The trinitrotoluene flake is slid into a clean, dry, sealable glass or plastic container. To said container, 680.7 milliliters (equivalent to 769.2 grams) of room temperature nitromethane is poured. The container is then capped to prevent any evaporation of the reactants and to allow gentle agitation of the contents. The mixture will be a tea color.
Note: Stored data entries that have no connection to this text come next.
(* For $\alpha=\pi/4$, no deterministic online algorithm can achieve competitive ratio better than $\frac{1+\sqrt2}{2}$.
   Context: Online drone coverage on a line. A drone has a fixed half angle-of-view $\alpha$. A drone at a point $T=(t_x,t_y)$ with $t_y\ge 0$ covers the segment $[t_x-t_y\tan\alpha,\ t_x+t_y\tan\alpha]$ of the $x$-axis. An input is a finite sequence of points $X_0=(0,0),X_1,\dots,X_n$ ($n\ge1$) on the $x$-axis, revealed one at a time. A solution is a sequence of drone positions $P_0=(0,0),P_1,\dots,P_n$ in the closed upper half-plane such that $P_i$ covers $X_0,\dots,X_i$; its cost is $\sum_{i=0}^{n-1}|P_iP_{i+1}|$. A deterministic online algorithm chooses $P_i$ knowing only $X_0,\dots,X_i$ (not $n$). $\mathrm{OPT}$ is the minimum cost of a solution when the whole input is known in advance. The competitive ratio of an algorithm is the supremum over inputs of its cost divided by $\mathrm{OPT}$. *)

theory Defs
  imports "HOL-Analysis.Analysis"
begin

text \<open>Drone positions are points of the plane, modelled as real \<times> real
  (dist on real \<times> real is the Euclidean distance).  An input
  X_0 = (0,0), X_1, ..., X_n is given by the list xs = [x_1, ..., x_n] of the
  x-coordinates of X_1..X_n; the full point list is 0 # xs.\<close>

definition covers :: "real \<Rightarrow> real \<times> real \<Rightarrow> real \<Rightarrow> bool" where
  "covers \<alpha> T x \<longleftrightarrow> fst T - snd T * tan \<alpha> \<le> x \<and> x \<le> fst T + snd T * tan \<alpha>"

definition feasible :: "real \<Rightarrow> real list \<Rightarrow> (nat \<Rightarrow> real \<times> real) \<Rightarrow> bool" where
  "feasible \<alpha> xs P \<longleftrightarrow> P 0 = (0, 0) \<and>
     (\<forall>i \<le> length xs. snd (P i) \<ge> 0 \<and> (\<forall>j \<le> i. covers \<alpha> (P i) ((0 # xs) ! j)))"

definition sol_cost :: "real list \<Rightarrow> (nat \<Rightarrow> real \<times> real) \<Rightarrow> real" where
  "sol_cost xs P = (\<Sum>i < length xs. dist (P i) (P (Suc i)))"

definition OPT :: "real \<Rightarrow> real list \<Rightarrow> real" where
  "OPT \<alpha> xs = Inf {sol_cost xs P | P. feasible \<alpha> xs P}"

text \<open>A deterministic online algorithm maps the revealed prefix [x_1,...,x_i]
  to the position P_i; it knows neither n nor future points.\<close>
definition online_alg :: "real \<Rightarrow> (real list \<Rightarrow> real \<times> real) \<Rightarrow> bool" where
  "online_alg \<alpha> A \<longleftrightarrow> A [] = (0, 0) \<and>
     (\<forall>ps. snd (A ps) \<ge> 0 \<and> (\<forall>x \<in> set (0 # ps). covers \<alpha> (A ps) x))"

definition alg_cost :: "(real list \<Rightarrow> real \<times> real) \<Rightarrow> real list \<Rightarrow> real" where
  "alg_cost A xs = sol_cost xs (\<lambda>i. A (take i xs))"

end

theory Submission
  imports Defs
begin

text \<open>For \<open>\<alpha> = pi / 4\<close> a drone at \<open>(x, y)\<close> covers exactly \<open>[x - y, x + y]\<close>. The adversary
  reveals \<open>1, -q, q\<^sup>2, -q\<^sup>3, \<dots>\<close> with \<open>q = 1 + sqrt 2\<close>. After the \<open>k\<close>-th point the online
  position satisfies \<open>y + s x \<ge> q ^ (k - 1)\<close> and \<open>y - s x \<ge> 0\<close>, where \<open>s\<close> is the sign of that
  point, whereas flying straight to the midpoint of the revealed hull costs only
  \<open>sqrt ((1 + 1 / q\<^sup>2) / 2) * q ^ (k - 1)\<close>. Since the sign alternates, the potential
  \<open>(y - s x) + \<beta> (y + s x)\<close>, which is \<open>sqrt (2 (1 + \<beta>\<^sup>2))\<close>-Lipschitz, telescopes in a
  \<open>\<beta> ^ k\<close>-weighted sum and bounds the weighted costs of the algorithm from below. For a ratio
  below \<open>(1 + sqrt 2) / 2\<close> and \<open>\<beta>\<close> slightly below \<open>1 / q\<close> this bound fails on long inputs.\<close>

lemma covers_pi_div_4: "covers (pi / 4) T x \<longleftrightarrow> \<bar>x - fst T\<bar> \<le> snd T"
  by (auto simp: covers_def tan_45 abs_le_iff)

lemma covers_pi_div_4_signed:
  assumes "\<bar>s\<bar> = 1" and "covers (pi / 4) T x"
  shows "s * x \<le> snd T + s * fst T"
proof -
  have "s * (x - fst T) \<le> \<bar>s * (x - fst T)\<bar>" by (rule abs_ge_self)
  also have "\<dots> = \<bar>x - fst T\<bar>" using assms(1) by (simp add: abs_mult)
  also have "\<dots> \<le> snd T" using assms(2) by (simp add: covers_pi_div_4)
  finally show ?thesis by (simp add: algebra_simps)
qed

lemma online_alg_feasible:
  assumes "online_alg \<alpha> A"
  shows "feasible \<alpha> xs (\<lambda>i. A (take i xs))"
  unfolding feasible_def
proof (intro conjI allI impI)
  show "A (take 0 xs) = (0, 0)" using assms by (simp add: online_alg_def)
next
  fix i assume "i \<le> length xs"
  show "0 \<le> snd (A (take i xs))" using assms by (simp add: online_alg_def)
next
  fix i j assume "i \<le> length xs" "j \<le> i"
  then have "(0 # xs) ! j = (0 # take i xs) ! j" by (cases j) auto
  also have "\<dots> \<in> set (0 # take i xs)" using \<open>j \<le> i\<close> \<open>i \<le> length xs\<close> by (intro nth_mem) simp
  finally show "covers \<alpha> (A (take i xs)) ((0 # xs) ! j)"
    using assms unfolding online_alg_def by blast
qed

lemma sol_cost_nonneg: "0 \<le> sol_cost xs P"
  by (simp add: sol_cost_def sum_nonneg)

lemma OPT_nonneg:
  assumes "feasible \<alpha> xs P"
  shows "0 \<le> OPT \<alpha> xs"
  unfolding OPT_def using assms by (intro cInf_greatest) (auto simp: sol_cost_nonneg)

lemma OPT_le_sol_cost:
  assumes "feasible \<alpha> xs P"
  shows "OPT \<alpha> xs \<le> sol_cost xs P"
  unfolding OPT_def using assms
  by (intro cInf_lower) (auto intro: bdd_belowI[of _ 0] simp: sol_cost_nonneg)

lemma OPT_le_dist:
  assumes "xs \<noteq> []" and "0 \<le> snd T" and cover: "\<forall>x \<in> set (0 # xs). covers \<alpha> T x"
  shows "OPT \<alpha> xs \<le> dist (0, 0) T"
proof -
  define P :: "nat \<Rightarrow> real \<times> real" where "P i = (if i = 0 then (0, 0) else T)" for i
  have "feasible \<alpha> xs P"
    unfolding feasible_def
  proof (intro conjI allI impI)
    fix i j assume "i \<le> length xs" "j \<le> i"
    show "covers \<alpha> (P i) ((0 # xs) ! j)"
    proof (cases "i = 0")
      case True
      then show ?thesis using \<open>j \<le> i\<close> by (simp add: P_def covers_def)
    next
      case False
      have "(0 # xs) ! j \<in> set (0 # xs)" using \<open>i \<le> length xs\<close> \<open>j \<le> i\<close> by (intro nth_mem) simp
      then show ?thesis using cover False unfolding P_def by auto
    qed
  qed (use assms in \<open>auto simp: P_def\<close>)
  moreover obtain m where "length xs = Suc m" using assms(1) by (cases xs) auto
  then have "sol_cost xs P = dist (0, 0) T"
    by (simp add: sol_cost_def sum.lessThan_Suc_shift P_def del: sum.lessThan_Suc)
  ultimately show ?thesis using OPT_le_sol_cost by metis
qed

lemma OPT_le_interval:
  assumes "xs \<noteq> []" and "lo \<le> 0" "0 \<le> hi" and "\<forall>x \<in> set xs. lo \<le> x \<and> x \<le> hi"
  shows "OPT (pi / 4) xs \<le> sqrt ((lo\<^sup>2 + hi\<^sup>2) / 2)"
proof -
  define T where "T = ((lo + hi) / 2, (hi - lo) / 2)"
  have "\<forall>x \<in> set (0 # xs). covers (pi / 4) T x"
    using assms by (auto simp: covers_pi_div_4 T_def abs_le_iff field_simps)
  then have "OPT (pi / 4) xs \<le> dist (0, 0) T"
    using assms by (intro OPT_le_dist) (auto simp: T_def)
  also have "dist (0, 0) T = sqrt ((lo\<^sup>2 + hi\<^sup>2) / 2)"
    by (simp add: T_def dist_prod_def dist_real_def power2_eq_square field_simps)
  finally show ?thesis .
qed

definition zigzag :: "real \<Rightarrow> nat \<Rightarrow> real list" where
  "zigzag q k = map (\<lambda>i. (-q) ^ i) [0..<k]"

lemma length_zigzag [simp]: "length (zigzag q k) = k"
  by (simp add: zigzag_def)

lemma zigzag_Suc: "zigzag q (Suc k) = zigzag q k @ [(-q) ^ k]"
  by (simp add: zigzag_def)

lemma set_zigzag: "set (zigzag q k) = {(-q) ^ i | i. i < k}"
  by (auto simp: zigzag_def)

lemma OPT_zigzag_le:
  assumes "1 \<le> q" and "1 \<le> k"
  shows "OPT (pi / 4) (zigzag q k) \<le> sqrt ((1 + 1 / q\<^sup>2) / 2) * q ^ (k - 1)"
proof -
  define Q where "Q = q ^ (k - 1)"
  define s :: real where "s = (-1) ^ (k - 1)"
  have "0 \<le> Q" "0 \<le> Q / q" "Q / q \<le> Q" using assms by (simp_all add: Q_def divide_le_eq)
  have points: "\<bar>x\<bar> \<le> Q / q \<or> x = s * Q" if "x \<in> set (zigzag q k)" for x
  proof -
    obtain i where "i < k" and x: "x = (-q) ^ i" using \<open>x \<in> set (zigzag q k)\<close> by (auto simp: set_zigzag)
    show ?thesis
    proof (cases "i = k - 1")
      case True
      then show ?thesis by (simp add: x s_def Q_def power_minus[of q])
    next
      case False
      have "q * \<bar>x\<bar> = q ^ Suc i" using assms by (simp add: x power_abs)
      also have "\<dots> \<le> Q" using assms \<open>i < k\<close> False unfolding Q_def by (intro power_increasing) auto
      finally show ?thesis using assms by (simp add: le_divide_eq mult.commute)
    qed
  qed
  obtain lo hi where hull: "lo \<le> 0" "0 \<le> hi" "\<forall>x \<in> set (zigzag q k). lo \<le> x \<and> x \<le> hi"
    and "lo\<^sup>2 + hi\<^sup>2 = (Q / q)\<^sup>2 + Q\<^sup>2"
  proof (cases "even (k - 1)")
    case True
    then have "s = 1" by (simp add: s_def)
    then have "\<forall>x \<in> set (zigzag q k). - (Q / q) \<le> x \<and> x \<le> Q"
      using points \<open>0 \<le> Q / q\<close> \<open>Q / q \<le> Q\<close> by (fastforce simp: abs_le_iff)
    then show ?thesis using \<open>0 \<le> Q / q\<close> \<open>Q / q \<le> Q\<close> by (intro that[of "- (Q / q)" Q]) auto
  next
    case False
    then have "s = -1" by (simp add: s_def)
    then have "\<forall>x \<in> set (zigzag q k). - Q \<le> x \<and> x \<le> Q / q"
      using points \<open>0 \<le> Q / q\<close> \<open>Q / q \<le> Q\<close> by (fastforce simp: abs_le_iff)
    then show ?thesis using \<open>0 \<le> Q / q\<close> \<open>Q / q \<le> Q\<close> by (intro that[of "- Q" "Q / q"]) auto
  qed
  moreover have "zigzag q k \<noteq> []" using assms(2) by (simp flip: length_greater_0_conv)
  ultimately have "OPT (pi / 4) (zigzag q k) \<le> sqrt (((Q / q)\<^sup>2 + Q\<^sup>2) / 2)"
    using OPT_le_interval[of _ lo hi] hull by metis
  also have "((Q / q)\<^sup>2 + Q\<^sup>2) / 2 = (1 + 1 / q\<^sup>2) / 2 * Q\<^sup>2"
    using assms by (simp add: field_simps)
  also have "sqrt \<dots> = sqrt ((1 + 1 / q\<^sup>2) / 2) * Q"
    using \<open>0 \<le> Q\<close> by (simp only: real_sqrt_mult real_sqrt_abs abs_of_nonneg)
  finally show ?thesis by (simp add: Q_def)
qed

lemma alg_cost_snoc: "alg_cost A (xs @ [x]) = alg_cost A xs + dist (A xs) (A (xs @ [x]))"
  by (simp add: alg_cost_def sol_cost_def)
Said mixture is left in the closed container for one hour to facilitate further dissolution of the trinitrotoluene.
If any large amount of trinitrotoluene remains undissolved after the one hour period, a stick may be used to break up the trinitrotoluene remains. Invert the container to allow the trinitrotoluene remains to fall through the nitromethane. The mixture may be stirred gently until the trinitrotoluene is thoroughly dissolved.
The pyridine can be added at this point and can be mixed into solution by either inverting the container or by brief stirring. The final mixture is deep purple in color.
All the steps set forth in Example I, except for the final addition of pyridine, may be duplicated. The addition of the pyridine sensitizer to the trinitrotoluene/nitromethane mixture may be withheld until just prior to the explosive's use. At that time, the pyridine may be added into said solution and mixed in the fashion set forth above.
All the steps set forth in Example I, except for the final addition of pyridine, may be duplicated. The pyridine, however, may be added to the components of the mixture at any time during the mixing process. The addition of pyridine at any point during the mixing process will hasten the dissolution of the trinitrotoluene.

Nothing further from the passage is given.